Rosemary’s Baby – Roman Polanski, 1968
From an era when ‘doing a Polanski’ meant making a great film, comes a cautionary tale about the dangers of trusting anybody, ever. Mia Farrow’s gestating waif gives birth to not only the son of Satan, but also an adorable haircut: the super-short ‘Pixie’ do. John Cassavetes, on the other hand, takes a break from making movies with Columbo to look dashingly handsome and act like a twat.
Bonus Features: Filmed in the Dakota, the creepiest building in New York – John Lennon was later killed outside the front door. Polanski was also staying here when his wife and unborn child were murdered by the Manson Family.
Also features serial ‘old-lady’ portrayal expert, Ruth Gordon, of Harold and Maude fame.
What Ever Happened To Baby Jane? – Robert Aldrich, 1962
The story of two faded movie star sisters holed up in their crumbling Hollywood mansion is a camp classic. Starring real-life faded movie stars and deadly rivals Bette Davis and Joan Crawford, this macabre tale was perfectly suited to their individual talents: as the crippled, saintly, long-suffering Blanche, Crawford got to play the noble victim once again, while Davis as the unhinged, vindictive, maniacal Jane was the ultimate villain in a career with a long history of indelible villainous creations. So there’s no blood and guts to speak of, but seeing Bette Davis’ sagging bosom in a too-tight dress for two hours is horror enough – not to mention the shocking moment a character is bludgeoned to death with a hammer and, of course, that iconic rodent-themed dinner.
Rawhead Rex – George Pavlou, 1986
When it comes to horror films, Rawhead Rex is top of the heap. The dung heap that is. Billed with taglines like: ‘He’s Pure Evil. Pure Power. Pure Terror.’ and ‘Someone has awakened him… He lives again to feed again.’ you know you’re in for a real treat.
Loosely based on a short story by Clive Barker, the film was directed in 1986 by George Pavlou and has gained a cult following amongst piss-takers the world over ever since.
The demonic tale follows the story of an Irish farmer who awakens an ancient beast who then wreaks havoc on the small town. Rawhead is a mean mofo who basically eats murders and terrorises every man, woman or child he encounters on his frenzied rampage.

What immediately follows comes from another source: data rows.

definition t_tm1_Pi :: "complex \<Rightarrow> complex" where
  "t_tm1_Pi s = 1/186624 * F1b s ^ 7 * F1c s * F2b s ^ 2 * F2c s ^ 3
                  / (s * F1a s ^ 4 * F2a s ^ 3)"

definition y_ym1_Pi :: "complex \<Rightarrow> complex" where
  "y_ym1_Pi s = 1/256 * F1b s ^ 2 * F1c s * F2b s * F2c s ^ 2 * F12 s
                  / (F1a s ^ 2 * F2a s * F6a s ^ 2)"

definition ymt_Pi :: "complex \<Rightarrow> complex" where
  "ymt_Pi s = 1/432 * F1b s ^ 2 * F1c s * F2b s * F2c s ^ 2 * F6b s
                / (s * F1a s ^ 2 * F2a s ^ 2 * F6a s)"

definition ymt_sq_Pi :: "complex \<Rightarrow> complex" where
  "ymt_sq_Pi s = 1/186624 * F1b s ^ 4 * F1c s ^ 2 * F2b s ^ 2 * F2c s ^ 4 * F6b s ^ 2
                   / (s * F1a s ^ 4 * F2a s ^ 3 * F6a s ^ 2)"

definition gamma_Pi :: "complex \<Rightarrow> complex" where
  "gamma_Pi s = 1/6912 * F1b s ^ 4 * F1c s * F2b s ^ 2 * F2c s ^ 3 * F10 s
                  / (F1a s ^ 3 * F2a s ^ 2 * F6a s ^ 2)"

definition y1sq_Pi :: "complex \<Rightarrow> complex" where
  "y1sq_Pi s = - 1/6912 * F1b s ^ 2 * F1c s ^ 2 * F2b s * F2c s ^ 2 * F15a s
                 / (F1a s ^ 3 * F2a s ^ 2 * F6a s ^ 2)"

definition y1lin_Pi :: "complex \<Rightarrow> complex" where
  "y1lin_Pi s = - 1/186624 * F1b s ^ 2 * F1c s * F2b s * F2c s ^ 2 * F15b s
                  / (s * F1a s ^ 4 * F2a s ^ 3 * F6a s)"

lemmas Pi_factor_defs = F1a_def F1b_def F1c_def F2a_def F2b_def F2c_def
  F6a_def F6b_def F10_def F12_def F15a_def F15b_def F16_def F30_def

lemmas Pi_polynomial_defs = Pi_cubic_def t_num_def t_den_def y_num_def y_den_def
  t_num'_def t_den'_def y_num'_def y_den'_def y1_num_def y1_den_def y1_num'_def y1_den'_def
  Pi_factor_defs

lemma t_Pi_eq: "t_Pi s u = 1/2 - t_coeff s * u"
  by (simp add: t_Pi_def t_coeff_def t_num_def t_den_def F1a_def F2a_def)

One of the main shortcomings is that this ‘terrifying beast’ is basically a tall man who’s put on a particularly shit mask from Dollarama/Poundland (delete according to Britishness) and some tattered clothes. It’s hard to believe that Rawhead even has the co-ordination to run after people when he appears to be staring intently at his own nose the entire time.

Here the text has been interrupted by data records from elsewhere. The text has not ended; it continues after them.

(* Let $l\ge1$, $m=2l$, and consider the $[[2^{2l},l+1,2^l]]$ phantom quantum Reed–Muller code, with logical states $|c\rangle_L\propto\sum_{s\in\mathrm{rs}(H_X)}|cL_X+s\rangle$ for $c\in\mathbb F_2^{l+1}$, where the rows of $L_X$ are $\mathrm{ev}(x_1\cdots x_{l-1}x_j)$ for $j=l,l+1,\dots,2l$ in this order. For an involution $\tau$ of $\mathbb F_2^{2l}$ let $F_\tau$ be the diagonal circuit applying $S=\mathrm{diag}(1,i)$ to every qubit $a$ with $\tau(a)=a$ and $\mathrm{CZ}$ to every pair $\{a,\tau(a)\}$ with $\tau(a)\neq a$. (a) Let $\tau_{SS}(a)_i=a_{2l+1-i}+1$ for $i\in[2l]$. Then $F_{\tau_{SS}}$ preserves the codespace and $F_{\tau_{SS}}|c\rangle_L=i^{c_1+c_2}|c\rangle_L$ for all $c$ (logical $S\otimes S$ on logical qubits 1 and 2, identity on the others). (b) Let $\tau_{CZ}(a)_i=a_{2l+1-i}+1$ for $i\in[2l]\setminus\{l,l+1\}$, $\tau_{CZ}(a)_l=a_l+1$, $\tau_{CZ}(a)_{l+1}=a_{l+1}+1$. Then $F_{\tau_{CZ}}$ preserves the codespace and $F_{\tau_{CZ}}|c\rangle_L=(-1)^{c_1c_2}|c\rangle_L$ for all $c$ (logical CZ between logical qubits 1 and 2).
   Context: Coordinates of $2^{2l}$ qubits are identified with $\mathbb F_2^{2l}$; $\mathrm{ev}(f)=(f(a))_{a\in\mathbb F_2^{2l}}$ for Boolean polynomials $f$; $\mathrm{RM}(r,m)$ is the span of evaluation vectors of monomials of degree $\le r$ ($\{0\}$ if $r<0$). For $S\subseteq[m]$, $x_S=\prod_{i\in S}x_i$ and $\hat x_S=\prod_{i\notin S}(1+x_i)$. The phantom qRM code (here with $m=2l$) is the CSS code with $\mathrm{rs}(H_X)=\mathrm{RM}(l-1,m)$ and $\mathrm{rs}(H_Z)=\mathrm{RM}(m-l-1,m)+\mathrm{span}\{\mathrm{ev}(\hat x_S):|S|=l,\ S\ne\{1,\dots,l-1,j\}\text{ for all }j\in\{l,\dots,m\}\}$; its logical qubit $t$ corresponds to $X$-logical $x_1\cdots x_{l-1}x_{l+t-1}$. *)

theory Defs
  imports Complex_Main
begin

text \<open>Points of F_2^m: extensional functions nat => bool supported on coordinates 1..m.\<close>
definition cube :: "nat \<Rightarrow> (nat \<Rightarrow> bool) set" where
  "cube m = {a. \<forall>i. i \<notin> {1..m} \<longrightarrow> \<not> a i}"

text \<open>Binary words indexed by the points of F_2^m (qubit configurations), zero outside the cube.\<close>
type_synonym word = "(nat \<Rightarrow> bool) \<Rightarrow> bool"

definition ev :: "nat \<Rightarrow> ((nat \<Rightarrow> bool) \<Rightarrow> bool) \<Rightarrow> word" where
  "ev m f = (\<lambda>a. a \<in> cube m \<and> f a)"

definition mono :: "nat set \<Rightarrow> (nat \<Rightarrow> bool) \<Rightarrow> bool" where
  "mono S = (\<lambda>a. \<forall>i\<in>S. a i)"

definition wadd :: "word \<Rightarrow> word \<Rightarrow> word" where
  "wadd u v = (\<lambda>a. u a \<noteq> v a)"

definition xsum :: "'b set \<Rightarrow> ('b \<Rightarrow> word) \<Rightarrow> word" where
  "xsum T f = (\<lambda>a. odd (card {s\<in>T. f s a}))"

definition RM :: "nat \<Rightarrow> nat \<Rightarrow> word set" where
  "RM r m = {xsum T (\<lambda>S. ev m (mono S)) | T. T \<subseteq> {S. S \<subseteq> {1..m} \<and> card S \<le> r}}"

text \<open>Row t (t = 1..l+1) of L_X: ev(x_1 ... x_{l-1} x_{l+t-1}).\<close>
definition LX_row :: "nat \<Rightarrow> nat \<Rightarrow> word" where
  "LX_row l t = ev (2*l) (mono ({1..l-1} \<union> {l+t-1}))"

definition cLX :: "nat \<Rightarrow> (nat \<Rightarrow> bool) \<Rightarrow> word" where
  "cLX l c = xsum {t\<in>{1..l+1}. c t} (LX_row l)"

text \<open>Unnormalised logical state |c>_L = sum over s in rs(H_X) = RM(l-1,2l) of |cL_X + s>,
  as an amplitude function on computational basis states.\<close>
definition logical_state :: "nat \<Rightarrow> (nat \<Rightarrow> bool) \<Rightarrow> word \<Rightarrow> complex" where
  "logical_state l c = (\<lambda>v. if v \<in> {wadd (cLX l c) s | s. s \<in> RM (l-1) (2*l)} then 1 else 0)"

definition codespace :: "nat \<Rightarrow> (word \<Rightarrow> complex) set" where
  "codespace l = {\<psi>. \<exists>\<alpha>. \<psi> = (\<lambda>v. \<Sum>c\<in>cube (l+1). \<alpha> c * logical_state l c v)}"

definition F_phase :: "nat \<Rightarrow> ((nat \<Rightarrow> bool) \<Rightarrow> (nat \<Rightarrow> bool)) \<Rightarrow> word \<Rightarrow> complex" where
  "F_phase m \<tau> v =
     (\<Prod>a\<in>{a\<in>cube m. \<tau> a = a}. if v a then \<i> else 1) *
     (\<Prod>p\<in>{{a, \<tau> a} | a. a \<in> cube m \<and> \<tau> a \<noteq> a}. if (\<forall>x\<in>p. v x) then -1 else 1)"

definition F_circ :: "nat \<Rightarrow> ((nat \<Rightarrow> bool) \<Rightarrow> (nat \<Rightarrow> bool)) \<Rightarrow> (word \<Rightarrow> complex) \<Rightarrow> (word \<Rightarrow> complex)" where
  "F_circ m \<tau> \<psi> = (\<lambda>v. F_phase m \<tau> v * \<psi> v)"

definition tau_SS :: "nat \<Rightarrow> (nat \<Rightarrow> bool) \<Rightarrow> (nat \<Rightarrow> bool)" where
  "tau_SS l a = (\<lambda>i. i \<in> {1..2*l} \<and> \<not> a (2*l+1-i))"

definition tau_CZ :: "nat \<Rightarrow> (nat \<Rightarrow> bool) \<Rightarrow> (nat \<Rightarrow> bool)" where
  "tau_CZ l a = (\<lambda>i. i \<in> {1..2*l} \<and>
      (if i = l \<or> i = l+1 then \<not> a i else \<not> a (2*l+1-i)))"

end

theory Submission
  imports Defs "HOL-Number_Theory.Cong"
begin

text \<open>
  For an involution \<tau> of the cube, F_\<tau> multiplies the basis state v by i^Q(v) with
  Q(v) = #{a. v(a) \<and> v(\<tau> a)}: a fixed point contributes i, a 2-cycle contributes i^2 = -1.
  With B(f,g) = sum_a f(a) g(\<tau> a), Q is a Z/4-valued quadratic form,
  Q(f + g) = Q(f) + Q(g) + 2 B(f,g) mod 4.  Both involutions of the theorem have the shape
  a \<mapsto> 1 + a \<circ> \<sigma> for an involution \<sigma> of the coordinates, and then B(x_S, x_T) counts the
  points of a subcube: it is 2^(m - |S \<union> \<sigma> T|) or 0.  Hence Q vanishes mod 4 on
  RM(l-1,2l) and B(u,s) is even for u in RM(l,2l), s in RM(l-1,2l), so Q is constant mod 4
  on every coset c L_X + RM(l-1,2l) and each logical state is an eigenvector of F_\<tau>.
  Since \<sigma> moves the extra coordinate of every row of L_X after the second into the common
  factor x_1 ... x_(l-1), only the first two rows contribute to Q(c L_X) mod 4.
\<close>

section \<open>Involutions\<close>

definition involution_on :: "'a set \<Rightarrow> ('a \<Rightarrow> 'a) \<Rightarrow> bool" where
  "involution_on A \<tau> \<longleftrightarrow> (\<forall>a\<in>A. \<tau> a \<in> A \<and> \<tau> (\<tau> a) = a)"

lemma involution_on_pair_eq:
  assumes "involution_on A \<tau>" "a \<in> A" "x \<in> {a, \<tau> a}"
  shows "{a, \<tau> a} = {x, \<tau> x}"
  using assms by (auto simp: involution_on_def)

lemma image_involution_on:
  assumes "involution_on A \<sigma>" "B \<subseteq> A"
  shows "\<sigma> ` B = {x\<in>A. \<sigma> x \<in> B}"
  using assms by (auto simp: involution_on_def image_iff) (metis subsetD)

The badly-behaved beast chases women around their kitchens spilling flour and condiments all over the place, laughing at their screams as they clutch to the walls and pray. He interrupts young couples who are trying to get it on in the woods and breaks through the windows of people’s caravans at night with wreckless abandon. He also pisses on priests in graveyards to baptize them. (The highlight of the movie.) The police pay catch up with the elusive beast throughout, but they’re no match for his cunning charms.
Here’s a link to the entire movie on YouTube. Get the popcorn out and relieve classic lines such as: ‘Get up the stairs, fuckface! I can’t keep God waiting’ again and again. One thing’s for sure, Ireland will never be the same again.